Окинув взглядом комнату, Федя убедился, что никого здесь нет — ни Любки, ни старухи. Надо было встать и уйти, и он уже готов был это сделать, но снова взгляд его упал на крюк, и он стал смотреть на этот крюк, так что вскоре крюк стал двоиться у него в глазах.

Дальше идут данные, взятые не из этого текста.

definition conj_GL2Z :: "mat2 set \<Rightarrow> mat2 set \<Rightarrow> bool" where
  "conj_GL2Z G H \<longleftrightarrow> (\<exists>g\<in>GL2Z. H = (\<lambda>\<sigma>. g ** \<sigma> ** matrix_inv g) ` G)"

definition same_bravais_class :: "mat2 \<Rightarrow> mat2 \<Rightarrow> bool" where
  "same_bravais_class S S' \<longleftrightarrow> conj_GL2Z (aut S) (aut S')"

text \<open>Primitive rectangular: same Bravais class as a lattice with a reduced basis of two
  orthogonal vectors of different lengths (Gram matrix diag(a,b), 0 < a < b; the
  square case a = b is the separate square Bravais class).\<close>
definition primitive_rectangular :: "mat2 \<Rightarrow> bool" where
  "primitive_rectangular S \<longleftrightarrow> (\<exists>a b. 0 < a \<and> a < b \<and> same_bravais_class S (mdiag a b))"

definition assumption_A21 :: "mat2 \<Rightarrow> mat2 \<Rightarrow> bool" where
  "assumption_A21 S Sobs \<longleftrightarrow>
     (\<forall>v T. int_vec v \<and> v \<noteq> 0 \<and> sym_mat T \<and> mdot S T \<ge> v \<bullet> (S *v v)
        \<longrightarrow> mdot Sobs T > 0)"

definition V_rP :: "mat2 set" where
  "V_rP = {mdiag s11 s22 | s11 s22. True}"

end

(* A conjugate of the reflection diag(1, -1), which fixes every rectangular Gram matrix,
   lies in Aut(S); hence S = g^T diag(p, q) g for some g in GL_2(Z). Testing A_{2,1} with
   T = I - k^T k for k = g^-T and with v a column of g^-1, and using that S^obs is reduced,
   gives tr S - (p + q) < min(p, q). Since tr S = p |row_1 g|^2 + q |row_2 g|^2 with integer
   rows, both rows of g are signed unit vectors, so S is diagonal, with positive entries,
   and therefore reduced. *)
theory Submission
  imports Defs
begin

lemma matrix_matrix_mult_nth_2:
  "((A::mat2) ** B) $ i $ j = A$i$1 * B$1$j + A$i$2 * B$2$j"
  by (simp add: matrix_matrix_mult_def sum_2)

lemma trace_2: "trace (A::mat2) = A$1$1 + A$2$2"
  by (simp add: trace_def sum_2)

lemma mat2_eq_iff:
  "(A::mat2) = B \<longleftrightarrow> A$1$1 = B$1$1 \<and> A$1$2 = B$1$2 \<and> A$2$1 = B$2$1 \<and> A$2$2 = B$2$2"
  by (auto simp: vec_eq_iff forall_2)

lemma mdiag_nth [simp]:
  "mdiag a b $1$1 = a" "mdiag a b $1$2 = 0" "mdiag a b $2$1 = 0" "mdiag a b $2$2 = b"
  by (simp_all add: mdiag_def)

lemma mat_1_nth_2 [simp]:
  "(mat 1::mat2) $1$1 = 1" "(mat 1::mat2) $1$2 = 0" "(mat 1::mat2) $2$1 = 0" "(mat 1::mat2) $2$2 = 1"
  by (simp_all add: mat_def)

lemma transpose_nth [simp]: "transpose A $ i $ j = A $ j $ i"
  by (simp add: transpose_def)

lemma mdot_mat_1: "mdot X (mat 1) = trace X"
  by (simp add: mdot_def)

lemma inner_axis_matrix_axis: "axis i 1 \<bullet> (A *v axis j 1) = (A::real^'n^'n) $ i $ j"
  by (simp add: matrix_vector_mult_basis column_def inner_axis')

lemma quadratic_form_congruence:
  fixes g D :: "real^'n^'n"
  shows "v \<bullet> ((transpose g ** D ** g) *v v) = (g *v v) \<bullet> (D *v (g *v v))"
  by (metis dot_lmul_matrix vector_transpose_matrix matrix_vector_mul_assoc)

lemma congruence_inverse:
  fixes g h :: "'a::comm_semiring_1^'n^'n"
  assumes "g ** h = mat 1"
  shows "transpose h ** (transpose g ** X ** g) ** h = X"
proof -
  have "transpose h ** (transpose g ** X ** g) ** h = transpose (g ** h) ** X ** (g ** h)"
    by (simp add: matrix_transpose_mul matrix_mul_assoc)
  then show ?thesis
    using assms by simp
qed

lemma invertible_matrix_inv:
  assumes "invertible A"
  shows "A ** matrix_inv A = mat 1" "matrix_inv A ** A = mat 1"
proof -
  have "A ** matrix_inv A = mat 1 \<and> matrix_inv A ** A = mat 1"
    using assms unfolding invertible_def matrix_inv_def by (rule someI_ex)
  then show "A ** matrix_inv A = mat 1" "matrix_inv A ** A = mat 1"
    by simp_all
qed

lemma matrix_inv_eqI:
  fixes A :: "'a::semiring_1^'n^'m"
  assumes "A ** B = mat 1" "B ** A = mat 1"
  shows "matrix_inv A = B"
proof -
  have "invertible A"
    using assms unfolding invertible_def by blast
  then have "B ** (A ** matrix_inv A) = (B ** A) ** matrix_inv A"
    by (simp add: matrix_mul_assoc)
  then show ?thesis
    using assms invertible_matrix_inv[OF \<open>invertible A\<close>] by simp
qed

lemma GL2Z_matrix_inv:
  assumes "g \<in> GL2Z"
  shows "matrix_inv g \<in> GL2Z" "g ** matrix_inv g = mat 1" "matrix_inv g ** g = mat 1"
proof -
  define e where "e = det g"
  have det_g: "g$1$1 * g$2$2 - g$1$2 * g$2$1 = e"
    by (simp add: e_def det_2)
  have e_sq: "e * e = 1"
    using assms by (simp add: GL2Z_def e_def abs_if split: if_splits)
  have g_int: "g$i$j \<in> \<int>" for i j
    using assms by (simp add: GL2Z_def int_mat_def)
  \<comment> \<open>the adjugate divided by the determinant \<open>e\<close>, using \<open>1 / e = e\<close>\<close>
  define H :: mat2 where "H = vector [vector [e * g$2$2, - e * g$1$2], vector [- e * g$2$1, e * g$1$1]]"
  have H_nth: "H$1$1 = e * g$2$2" "H$1$2 = - e * g$1$2" "H$2$1 = - e * g$2$1" "H$2$2 = e * g$1$1"
    by (simp_all add: H_def)
  have "e * (g$1$1 * g$2$2 - g$1$2 * g$2$1) = 1"
    using det_g e_sq by simp
  then have gH: "g ** H = mat 1" and Hg: "H ** g = mat 1"
    by (auto simp: mat2_eq_iff matrix_matrix_mult_nth_2 H_nth algebra_simps)
  then have inv_g: "matrix_inv g = H"
    by (rule matrix_inv_eqI)
  have "det H = e * e * e"
    by (simp add: det_2 H_nth flip: det_g) (simp add: algebra_simps)
  then have "\<bar>det H\<bar> = 1"
    using e_sq assms by (simp add: GL2Z_def e_def)
  moreover have "H$i$j \<in> \<int>" for i j
    using g_int by (simp add: H_def forall_2 vector_def e_def det_2 exhaust_2[of i] exhaust_2[of j])
  ultimately show "matrix_inv g \<in> GL2Z"
    by (simp add: inv_g GL2Z_def int_mat_def)
  show "g ** matrix_inv g = mat 1" "matrix_inv g ** g = mat 1"
    using gH Hg by (simp_all add: inv_g)
qed

lemma transpose_GL2Z: "g \<in> GL2Z \<Longrightarrow> transpose g \<in> GL2Z"
  by (simp add: GL2Z_def int_mat_def det_transpose)

lemma Ints_square_ge_1:
  fixes x :: "'a::linordered_idom"
  assumes "x \<in> \<int>" "x \<noteq> 0"
  shows "1 \<le> x\<^sup>2"
proof -
  have "1 \<le> \<bar>x\<bar>"
    using assms by (rule Ints_nonzero_abs_ge1)
  then have "1 * 1 \<le> \<bar>x\<bar> * \<bar>x\<bar>"
    by (intro mult_mono) auto
  then show ?thesis
    by (simp add: power2_eq_square)
qed

lemma Ints_sum_squares_ge_1:
  fixes x y :: "'a::linordered_idom"
  assumes "x \<in> \<int>" "y \<in> \<int>" "x \<noteq> 0 \<or> y \<noteq> 0"
  shows "1 \<le> x\<^sup>2 + y\<^sup>2"
  using assms Ints_square_ge_1[of x] Ints_square_ge_1[of y]
  by (auto simp: add_increasing add_increasing2)

lemma Ints_sum_squares_ge_2:
  fixes x y :: "'a::linordered_idom"
  assumes "x \<in> \<int>" "y \<in> \<int>" "x * y \<noteq> 0"
  shows "2 \<le> x\<^sup>2 + y\<^sup>2"
  using assms Ints_square_ge_1[of x] Ints_square_ge_1[of y] by simp

lemma GL2Z_row_norm_ge_1:
  assumes "g \<in> GL2Z"
  shows "1 \<le> (g$i$1)\<^sup>2 + (g$i$2)\<^sup>2"
proof (rule Ints_sum_squares_ge_1)
  show "g$i$1 \<in> \<int>" "g$i$2 \<in> \<int>"
    using assms by (simp_all add: GL2Z_def int_mat_def)
  have "det g \<noteq> 0"
    using assms by (auto simp: GL2Z_def)
  then show "g$i$1 \<noteq> 0 \<or> g$i$2 \<noteq> 0"
    using exhaust_2[of i] by (auto simp: det_2)
qed

lemma GL2Z_column_norm_ge_1:
  assumes "g \<in> GL2Z"
  shows "1 \<le> (g$1$j)\<^sup>2 + (g$2$j)\<^sup>2"
  using GL2Z_row_norm_ge_1[OF transpose_GL2Z[OF assms], of j] by simp

lemma mdiag_congruence_nth:
  "(transpose (g::mat2) ** mdiag p q ** g) $ i $ j = p * g$1$i * g$1$j + q * g$2$i * g$2$j"
  by (simp add: matrix_matrix_mult_nth_2)

lemma trace_mdiag_congruence:
  "trace (transpose (g::mat2) ** mdiag p q ** g) = p * ((g$1$1)\<^sup>2 + (g$1$2)\<^sup>2) + q * ((g$2$1)\<^sup>2 + (g$2$2)\<^sup>2)"
  by (simp add: trace_2 mdiag_congruence_nth power2_eq_square algebra_simps)

lemma pos_def_diagonal_pos:
  assumes "pos_def S"
  shows "0 < S$i$i"
  using assms inner_axis_matrix_axis[of i S i] unfolding pos_def_def
  by (metis axis_eq_0_iff one_neq_zero)

lemma pos_def_mdiag:
  assumes "0 < a" "0 < b"
  shows "pos_def (mdiag a b)"
  unfolding pos_def_def
proof (intro conjI allI impI)
  show "sym_mat (mdiag a b)"
    by (simp add: sym_mat_def mat2_eq_iff)
  fix x :: "real^2"
  assume "x \<noteq> 0"
  then have "x$1 \<noteq> 0 \<or> x$2 \<noteq> 0"
    by (auto simp: vec_eq_iff forall_2)
  moreover have "x \<bullet> (mdiag a b *v x) = a * (x$1)\<^sup>2 + b * (x$2)\<^sup>2"
    by (simp add: inner_vec_def matrix_vector_mult_def sum_2 power2_eq_square algebra_simps)
  ultimately show "0 < x \<bullet> (mdiag a b *v x)"
    using assms by (auto simp: add_pos_nonneg add_nonneg_pos)
qed

lemma minkowski_reduced_broad_mdiag:
  assumes "0 < a" "0 < b"
  shows "minkowski_reduced_broad (mdiag a b)"
  unfolding minkowski_reduced_broad_def
proof (intro conjI ballI)
  show "pos_def (mdiag a b)"
    using assms by (rule pos_def_mdiag)
  fix k
  assume k: "k \<in> GL2Z"
  have "mdot (mdiag a b) (mat 1) = a * 1 + b * 1"
    by (simp add: mdot_mat_1 trace_2)
  also have "\<dots> \<le> a * ((k$1$1)\<^sup>2 + (k$2$1)\<^sup>2) + b * ((k$1$2)\<^sup>2 + (k$2$2)\<^sup>2)"
    using assms GL2Z_column_norm_ge_1[OF k] by (intro add_mono mult_left_mono) auto
  also have "\<dots> = mdot (k ** mdiag a b ** transpose k) (mat 1)"
    using trace_mdiag_congruence[of "transpose k" a b] by (simp add: mdot_mat_1)
  finally show "mdot (mdiag a b) (mat 1) \<le> mdot (k ** mdiag a b ** transpose k) (mat 1)" .
qed

lemma reflection_invariant_diagonal:
  assumes "transpose (mdiag 1 (-1)) ** D ** mdiag 1 (-1) = D"
  shows "D = mdiag (D$1$1) (D$2$2)"
  using assms by (simp add: mat2_eq_iff matrix_matrix_mult_nth_2)

lemma primitive_rectangular_diagonalizable:
  assumes "primitive_rectangular S"
  obtains g p q where "g \<in> GL2Z" "S = transpose g ** mdiag p q ** g"
proof -
  define J where "J = mdiag 1 (-1)"
  from assms obtain a b g where g: "g \<in> GL2Z"
    and conj: "aut (mdiag a b) = (\<lambda>\<sigma>. g ** \<sigma> ** matrix_inv g) ` aut S"
    unfolding primitive_rectangular_def same_bravais_class_def conj_GL2Z_def by blast
  have "J \<in> aut (mdiag a b)"
    by (simp add: J_def aut_def GL2Z_def int_mat_def mat2_eq_iff matrix_matrix_mult_nth_2 det_2 forall_2)
  then obtain \<sigma> where \<sigma>: "\<sigma> \<in> aut S" and J_eq: "J = g ** \<sigma> ** matrix_inv g"
    using conj by auto
  define h where "h = matrix_inv g"
  have gh: "g ** h = mat 1" and hg: "h ** g = mat 1"
    using GL2Z_matrix_inv[OF g] by (simp_all add: h_def)
  have "h ** J ** g = (h ** g) ** \<sigma> ** (h ** g)"
    by (simp add: J_eq h_def matrix_mul_assoc)
  then have \<sigma>_eq: "\<sigma> = h ** J ** g"
    using hg by simp
  define D where "D = transpose h ** S ** h"
  have S_eq: "S = transpose g ** D ** g"
    using congruence_inverse[OF hg] by (simp add: D_def)
  have "transpose g ** (transpose J ** D ** J) ** g = transpose \<sigma> ** S ** \<sigma>"
    by (simp add: \<sigma>_eq D_def matrix_transpose_mul matrix_mul_assoc)
  also have "\<dots> = transpose g ** D ** g"
    using \<sigma> S_eq by (simp add: aut_def)
  finally have "transpose J ** D ** J = D"
    by (metis congruence_inverse[OF gh])
  then have "S = transpose g ** mdiag (D$1$1) (D$2$2) ** g"
    using S_eq reflection_invariant_diagonal by (simp add: J_def)
  with g show ?thesis
    by (rule that)
qed

lemma mdot_mat_1_minus_congruence:
  "mdot X (mat 1 - transpose k ** k) = trace X - trace (k ** X ** transpose (k::mat2))"
  by (simp add: mdot_def trace_2 matrix_matrix_mult_nth_2 algebra_simps)

lemma assumption_A21_trace_bound:
  assumes "assumption_A21 S Sobs" "minkowski_reduced_broad Sobs"
    and "k \<in> GL2Z" "int_vec v" "v \<noteq> 0"
  shows "trace S - trace (k ** S ** transpose k) < v \<bullet> (S *v v)"
proof (rule ccontr)
  \<comment> \<open>\<open>S \<bullet> T = tr S - tr (k S k\<^sup>T)\<close>, while \<open>S\<^sup>o\<^sup>b\<^sup>s \<bullet> T \<le> 0\<close> because \<open>S\<^sup>o\<^sup>b\<^sup>s\<close> is reduced\<close>
  define T where "T = mat 1 - transpose k ** k"
  assume "\<not> ?thesis"
  then have "v \<bullet> (S *v v) \<le> mdot S T"
    by (simp add: T_def mdot_mat_1_minus_congruence)
  moreover have "sym_mat T"
    by (simp add: T_def sym_mat_def mat2_eq_iff matrix_matrix_mult_nth_2)
  ultimately have "0 < mdot Sobs T"
    using assms(1,4,5) unfolding assumption_A21_def by blast
  moreover have "mdot Sobs T \<le> 0"
    using assms(2,3) unfolding minkowski_reduced_broad_def
    by (simp add: T_def mdot_mat_1_minus_congruence mdot_mat_1)
  ultimately show False
    by simp
qed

Снова и снова Федя хотел встать и уйти, но потом подумал, что ему некуда идти, некуда и незачем. И он лежал, несмотря на обычную свою щепетильность в отношении к людям; ему было все равно, если кто придет и придя застанет его на постели и будет недоволен или даже будет возмущаться вслух. Ему теперь все это было безразлично. Ему казалось, более того — он был уверен, что он встанет только для того, чтобы повиснуть на этом крюке. Та основательность, с которой был вбит крюк, завораживала его, он чувствовал — ему даже казалось, что он это делает, — что, раскачивая этот крюк, пытаясь вырвать его из стены, он обязательно встретится с колоссальной силой сопротивления; крюк даже не шелохнется, настолько он намертво вбит, и, видимо, в незапамятные времена, и неизвестно зачем разве только затем, чтобы дождаться его, Феди; чтобы дождаться, пока он, Федя, выйдет из телеграфа на улицу, и девушка схватит его под руку, и он спасет девушку от милицейской облавы, и придет сюда, где его ожидает этот крюк, вбитый, может быть, еще до рождения Феди и все равно предназначенный для него.
Федя с трудом глотнул, ему уже казалось, что горло его стянуто веревкой.
— Дяденька, вы еще не встали? — послышался детский голос, и мальчик лет двенадцати показался из-за занавески.